Dataset excerpts
lemma mcycle_loop_word:
  assumes D: "mcycle A T D" and m: "m \<in> set D"
  shows "\<exists>x. set x \<subseteq> alphabet A \<and> x \<noteq> [] \<and> foldl (rho T) m x = m \<and> visited T m x = set D"
proof -
  have D': "successively (mem_step A T) D" "2 \<le> length D" "hd D = last D"
    using D unfolding mcycle_def mpath_iff_successively by simp_all
  obtain xs ys where split: "D = xs @ m # ys" using m split_list by metis
  obtain c cs where ccs: "xs @ [m] = c # cs" by (cases "xs @ [m]") auto
  have path1: "successively (mem_step A T) (m # ys)"
    using D'(1) unfolding split by (simp add: successively_append_iff)
  obtain u1 where u1: "set u1 \<subseteq> alphabet A" "length u1 = length ys"
      "foldl (rho T) m u1 = last (m # ys)" "visited T m u1 = set (m # ys)"
    using successively_mem_step_word[OF path1] by blast
  have "D = (c # cs) @ ys" using split ccs by simp
  then have path2: "successively (mem_step A T) (c # cs)" using D'(1) by (simp only: successively_append_iff)
  obtain u2 where u2: "set u2 \<subseteq> alphabet A" "length u2 = length cs"
      "foldl (rho T) c u2 = last (c # cs)" "visited T c u2 = set (c # cs)"
    using successively_mem_step_word[OF path2] by blast
  have "last (m # ys) = c" using D'(3) ccs unfolding split by (cases xs) auto
  moreover have "last (c # cs) = m" using ccs last_snoc[of xs m] by simp
  moreover have "length xs = length cs" using arg_cong[OF ccs, of length] by simp
  then have "length ys + length cs \<noteq> 0" using D'(2) unfolding split by auto
  moreover have "set (m # ys) \<union> set (c # cs) = set D" unfolding split ccs[symmetric] by auto
  ultimately show ?thesis
    using u1 u2 by (intro exI[of _ "u1 @ u2"]) (auto simp: visited_append)
qed

section \<open>Rabin conditions\<close>

lemma rabin_accepting_acc_g:
  assumes "M \<subseteq> mems T"
  shows "rabin_accepting (acc_g A T) M \<longleftrightarrow> rabin_accepting (acc A) (tau T ` M)"
proof
  assume "rabin_accepting (acc_g A T) M"
  then obtain E F where EF: "(E, F) \<in> acc A"
    "M \<inter> {m \<in> mems T. tau T m \<in> E} = {}" "M \<inter> {m \<in> mems T. tau T m \<in> F} \<noteq> {}"
    unfolding rabin_accepting_def acc_g_def by auto
  then have "tau T ` M \<inter> E = {}" "tau T ` M \<inter> F \<noteq> {}" using assms by auto
  then show "rabin_accepting (acc A) (tau T ` M)" using EF(1) unfolding rabin_accepting_def
    by (intro bexI[of _ "(E, F)"]) auto
next
  assume "rabin_accepting (acc A) (tau T ` M)"
  then obtain E F where EF: "(E, F) \<in> acc A" "tau T ` M \<inter> E = {}" "tau T ` M \<inter> F \<noteq> {}"
    unfolding rabin_accepting_def by auto
  then have "M \<inter> {m \<in> mems T. tau T m \<in> E} = {}" "M \<inter> {m \<in> mems T. tau T m \<in> F} \<noteq> {}"
    using assms by auto
  moreover have "({m \<in> mems T. tau T m \<in> E}, {m \<in> mems T. tau T m \<in> F}) \<in> acc_g A T"
    using EF(1) unfolding acc_g_def by (rule rev_image_eqI) simp
  ultimately show "rabin_accepting (acc_g A T) M" unfolding rabin_accepting_def
    by (intro bexI[of _ "({m \<in> mems T. tau T m \<in> E}, {m \<in> mems T. tau T m \<in> F})"]) auto
qed

text \<open>Unlike rejection, this is preserved under unions.\<close>
definition covered_by_rejecting :: "('s set \<times> 's set) set \<Rightarrow> 's set \<Rightarrow> 's set \<Rightarrow> bool" where
  "covered_by_rejecting \<alpha> C S \<longleftrightarrow> (\<forall>s\<in>S - C. \<exists>R\<subseteq>S. s \<in> R \<and> \<not> rabin_accepting \<alpha> R)"

lemma covered_by_rejecting_Un:
  assumes "covered_by_rejecting \<alpha> C S" "covered_by_rejecting \<alpha> C S'"
  shows "covered_by_rejecting \<alpha> C (S \<union> S')"
  unfolding covered_by_rejecting_def
proof
  fix s assume "s \<in> S \<union> S' - C"
  then consider "s \<in> S - C" | "s \<in> S' - C" by blast
  then show "\<exists>R\<subseteq>S \<union> S'. s \<in> R \<and> \<not> rabin_accepting \<alpha> R"
  proof cases
    case 1
    then obtain R where "R \<subseteq> S" "s \<in> R" "\<not> rabin_accepting \<alpha> R"
      using assms(1) unfolding covered_by_rejecting_def by blast
    then show ?thesis by blast
  next
    case 2
    then obtain R where "R \<subseteq> S'" "s \<in> R" "\<not> rabin_accepting \<alpha> R"
      using assms(2) unfolding covered_by_rejecting_def by blast
    then show ?thesis by blast
  qed
qed

lemma covered_by_rejecting_mono:
  "covered_by_rejecting \<alpha> C S \<Longrightarrow> C \<subseteq> C' \<Longrightarrow> covered_by_rejecting \<alpha> C' S"
  unfolding covered_by_rejecting_def by blast

lemma covered_by_rejecting_subset: "S \<subseteq> C \<Longrightarrow> covered_by_rejecting \<alpha> C S"
  unfolding covered_by_rejecting_def by auto

lemma covered_by_rejecting_rejecting: "\<not> rabin_accepting \<alpha> S \<Longrightarrow> covered_by_rejecting \<alpha> C S"
  unfolding covered_by_rejecting_def by auto

lemma rabin_acceptingI:
  "(E, F) \<in> \<alpha> \<Longrightarrow> S \<inter> E = {} \<Longrightarrow> S \<inter> F \<noteq> {} \<Longrightarrow> rabin_accepting \<alpha> S"
  unfolding rabin_accepting_def by blast

lemma rabin_rejecting_Un:
  assumes "\<not> rabin_accepting \<alpha> (X - {q})" "q \<in> S" "C \<subseteq> S" "\<not> rabin_accepting \<alpha> C"
    and "covered_by_rejecting \<alpha> C S"
  shows "\<not> rabin_accepting \<alpha> (X \<union> S)"
proof
  assume "rabin_accepting \<alpha> (X \<union> S)"
  then obtain E F where EF: "(E, F) \<in> \<alpha>" "(X \<union> S) \<inter> E = {}" "(X \<union> S) \<inter> F \<noteq> {}"
    unfolding rabin_accepting_def by auto
  have "(X - {q}) \<inter> F = {}"
    using assms(1) rabin_acceptingI[OF EF(1), of "X - {q}"] EF(2) by blast
  then obtain s where s: "s \<in> S" "s \<in> F" using EF(3) assms(2) by blast
  obtain R where R: "R \<subseteq> S" "s \<in> R" "\<not> rabin_accepting \<alpha> R"
  proof (cases "s \<in> C")
    case True
    then show thesis using that assms(3,4) by blast
  next
    case False
    then show thesis using that s(1) assms(5) unfolding covered_by_rejecting_def by blast
  qed
  have "R \<inter> E = {}" "R \<inter> F \<noteq> {}" using R(1,2) s(2) EF(2) by auto
  then show False using R(3) rabin_acceptingI[OF EF(1)] by blast
qed

section \<open>Tight strategies\<close>

lemma tight_wf_transducer: "tight_wrt A T \<Longrightarrow> wf_transducer A T"
  unfolding tight_wrt_def fs_witness_def by simp

text \<open>Non-replaceability of \<open>\<beta>\<close> by \<open>\<alpha>\<close> yields paths from \<open>\<alpha>\<close> to \<open>\<beta>\<close> with a rejecting combination.\<close>
lemma tight_multiwalk:
  assumes tight: "tight_wrt A T" and "\<alpha> \<in> mems T" "\<beta> \<in> mems T" "tau T \<alpha> = tau T \<beta>"
  shows "\<exists>X. multiwalk A T \<alpha> \<beta> X \<and> covered_by_rejecting (acc A) {tau T \<alpha>} (tau T ` X)"
proof (cases "\<alpha> = \<beta>")
  case True
  have "multiwalk A T \<alpha> \<beta> {\<alpha>}" using True multiwalk_walk[OF walk_refl] by simp
  moreover have "covered_by_rejecting (acc A) {tau T \<alpha>} (tau T ` {\<alpha>})"
    by (intro covered_by_rejecting_subset) simp
  ultimately show ?thesis by blast
next
  case False
  have "\<not> replaceable A T \<beta> \<alpha>" using tight unfolding tight_wrt_def by simp
  then obtain P where P: "P \<subseteq> mpaths_from_to A T \<alpha> \<beta>" "P \<noteq> {}"
    "\<not> rabin_accepting (acc_g A T) (\<Union>ms\<in>P. set ms)"
    using assms False unfolding replaceable_def by auto
  have "walk A T \<alpha> \<beta> (set ms)" if "ms \<in> P" for ms
    using that P(1) mpath_walk[of A T ms] unfolding mpaths_from_to_def by auto
  then have "multiwalk A T \<alpha> \<beta> (\<Union>ms\<in>P. set ms)"
    unfolding multiwalk_def using P(2) by (intro exI[of _ "set ` P"]) auto
  moreover have "(\<Union>ms\<in>P. set ms) \<subseteq> mems T"
    using P(1) unfolding mpaths_from_to_def mpath_def by auto
  then have "\<not> rabin_accepting (acc A) (tau T ` (\<Union>ms\<in>P. set ms))"
    using P(3) rabin_accepting_acc_g by blast
  then have "covered_by_rejecting (acc A) {tau T \<alpha>} (tau T ` (\<Union>ms\<in>P. set ms))"
    by (rule covered_by_rejecting_rejecting)
  ultimately show ?thesis by blast
qed

lemma tight_memory_reachable:
  assumes tight: "tight_wrt A T" and u: "set u \<subseteq> alphabet A"
    and m: "m \<in> mems T" "tau T m = strat T u"
  shows "\<exists>p. set p \<subseteq> alphabet A \<and> rho_star T p = m"
proof -
  obtain X where "multiwalk A T (rho_star T u) m X"
    using tight_multiwalk[OF tight rho_star_mems[OF tight_wf_transducer[OF tight] u] m(1)] m(2)
    by (auto simp: strat_def)
  then obtain S where "walk A T (rho_star T u) m S"
    unfolding multiwalk_def by blast
  then obtain v where "set v \<subseteq> alphabet A" "foldl (rho T) (rho_star T u) v = m"
    unfolding walk_def by blast
  then show ?thesis using u by (intro exI[of _ "u @ v"]) (simp add: rho_star_def)
qed

lemma tight_cycle_state_visited:
  assumes tight: "tight_wrt A T" and cyc: "is_cycle A qs" and q: "q \<in> set qs"
  shows "\<exists>u. set u \<subseteq> alphabet A \<and> strat T u = q"
proof -
  obtain i where i: "i < length qs" "qs ! i = q" using q by (meson in_set_conv_nth)
  have "\<exists>j. Suc j < length qs \<and> qs ! j = q"
  proof (cases "Suc i < length qs")
    case False
    then have "i = length qs - 1" "qs \<noteq> []" using i(1) by auto
    then have "q = last qs" using i(2) by (simp add: last_conv_nth)
    moreover have "qs ! 0 = last qs" using cyc \<open>qs \<noteq> []\<close> unfolding is_cycle_def by (simp add: hd_conv_nth)
    moreover have "Suc 0 < length qs" using cyc unfolding is_cycle_def by simp
    ultimately show ?thesis by blast
  qed (use i in blast)
  then obtain j where j: "Suc j < length qs" "qs ! j = q" by blast
  then obtain a q' where "a \<in> alphabet A" "q' \<in> delta A q a"
    using cyc unfolding is_cycle_def by blast
  moreover have "q \<in> states A" using cyc q unfolding is_cycle_def by blast
  ultimately have "used_by A T q a q'" using tight unfolding tight_wrt_def by simp
  then show ?thesis unfolding used_by_def by auto
qed

text \<open>Some memory of \<open>c\<close> takes the transition, since \<open>T\<close> uses it; \<open>\<nu>\<close> reaches that memory by
  \<open>tight_multiwalk\<close>.\<close>
lemma tight_step_multiwalk:
  assumes tight: "tight_wrt A T" and a: "a \<in> alphabet A" "c' \<in> delta A c a" "c \<in> states A"
    and \<nu>: "\<nu> \<in> mems T" "tau T \<nu> = c"
  shows "\<exists>\<nu>' X. \<nu>' \<in> mems T \<and> tau T \<nu>' = c' \<and> multiwalk A T \<nu> \<nu>' X \<and> c \<in> tau T ` X \<and>
           covered_by_rejecting (acc A) {c, c'} (tau T ` X)"
proof -
  have wf: "wf_transducer A T" by (rule tight_wf_transducer[OF tight])
  have "used_by A T c a c'" using tight a unfolding tight_wrt_def by simp
  then obtain u where u: "set u \<subseteq> alphabet A" "c = strat T u" "c' = strat T (u @ [a])"
    unfolding used_by_def by blast
  define \<mu> where "\<mu> = rho_star T u"
  have \<mu>: "\<mu> \<in> mems T" "tau T \<mu> = c"
    using rho_star_mems[OF wf u(1)] u(2) by (simp_all add: strat_def \<mu>_def)
  have \<mu>a: "rho T \<mu> a \<in> mems T" "tau T (rho T \<mu> a) = c'"
    using rho_star_mems[OF wf, of "u @ [a]"] u a by (simp_all add: strat_def rho_star_def \<mu>_def)
  obtain X where X: "multiwalk A T \<nu> \<mu> X" "covered_by_rejecting (acc A) {c} (tau T ` X)"
    using tight_multiwalk[OF tight \<nu>(1) \<mu>(1)] \<nu>(2) \<mu>(2) by auto
  have "multiwalk A T \<nu> (rho T \<mu> a) (X \<union> {\<mu>, rho T \<mu> a})"
    by (rule multiwalk_trans[OF X(1) multiwalk_walk[OF walk_step[OF a(1)]]])
  moreover have "c \<in> tau T ` X" using multiwalk_start[OF X(1)] \<nu>(2) by blast
  moreover have "covered_by_rejecting (acc A) {c, c'} (tau T ` (X \<union> {\<mu>, rho T \<mu> a}))"
    unfolding image_Un using \<mu>(2) \<mu>a(2)
    by (intro covered_by_rejecting_Un covered_by_rejecting_mono[OF X(2)] covered_by_rejecting_subset)
      auto
  ultimately show ?thesis using \<mu>a by (intro exI[of _ "rho T \<mu> a"] exI[of _ "X \<union> {\<mu>, rho T \<mu> a}"]) auto
qed

lemma tight_path_multiwalk:
  assumes tight: "tight_wrt A T" and "successively (state_step A) (c # cs)"
    and "set (c # cs) \<subseteq> states A" "set (c # cs) \<subseteq> C" "\<nu> \<in> mems T" "tau T \<nu> = c"
  shows "\<exists>\<nu>' X. \<nu>' \<in> mems T \<and> tau T \<nu>' = last (c # cs) \<and> multiwalk A T \<nu> \<nu>' X \<and>
           set (c # cs) \<subseteq> tau T ` X \<and> covered_by_rejecting (acc A) C (tau T ` X)"
  using assms(2-)
proof (induction cs arbitrary: c \<nu>)
  case Nil
  have "multiwalk A T \<nu> \<nu> {\<nu>}" by (rule multiwalk_walk[OF walk_refl])
  moreover have "covered_by_rejecting (acc A) C (tau T ` {\<nu>})"
    using Nil.prems by (intro covered_by_rejecting_subset) simp
  ultimately show ?case using Nil.prems by (intro exI[of _ \<nu>] exI[of _ "{\<nu>}"]) auto
next
  case (Cons c' cs)
  obtain a where a: "a \<in> alphabet A" "c' \<in> delta A c a" using Cons.prems(1) by auto
  obtain \<nu>1 X1 where X1: "\<nu>1 \<in> mems T" "tau T \<nu>1 = c'" "multiwalk A T \<nu> \<nu>1 X1" "c \<in> tau T ` X1"
      "covered_by_rejecting (acc A) {c, c'} (tau T ` X1)"
    using tight_step_multiwalk[OF tight a _ Cons.prems(4,5)] Cons.prems(2) by auto
  have "successively (state_step A) (c' # cs)" using Cons.prems(1) by simp
  then obtain \<nu>' X2 where X2: "\<nu>' \<in> mems T" "tau T \<nu>' = last (c' # cs)" "multiwalk A T \<nu>1 \<nu>' X2"
      "set (c' # cs) \<subseteq> tau T ` X2" "covered_by_rejecting (acc A) C (tau T ` X2)"
    using Cons.IH[OF _ _ _ X1(1,2)] Cons.prems(2,3) by auto
  have "covered_by_rejecting (acc A) C (tau T ` (X1 \<union> X2))"
    unfolding image_Un using Cons.prems(3)
    by (intro covered_by_rejecting_Un covered_by_rejecting_mono[OF X1(5)] X2(5)) auto
  then show ?case using X1(4) X2 multiwalk_trans[OF X1(3) X2(3)]
    by (intro exI[of _ \<nu>'] exI[of _ "X1 \<union> X2"]) auto
qed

Goal of the exercise
Please go through the data and copy each line containing the word "section".

Reply to the task
section \<open>Rabin conditions\<close>
section \<open>Tight strategies\<close>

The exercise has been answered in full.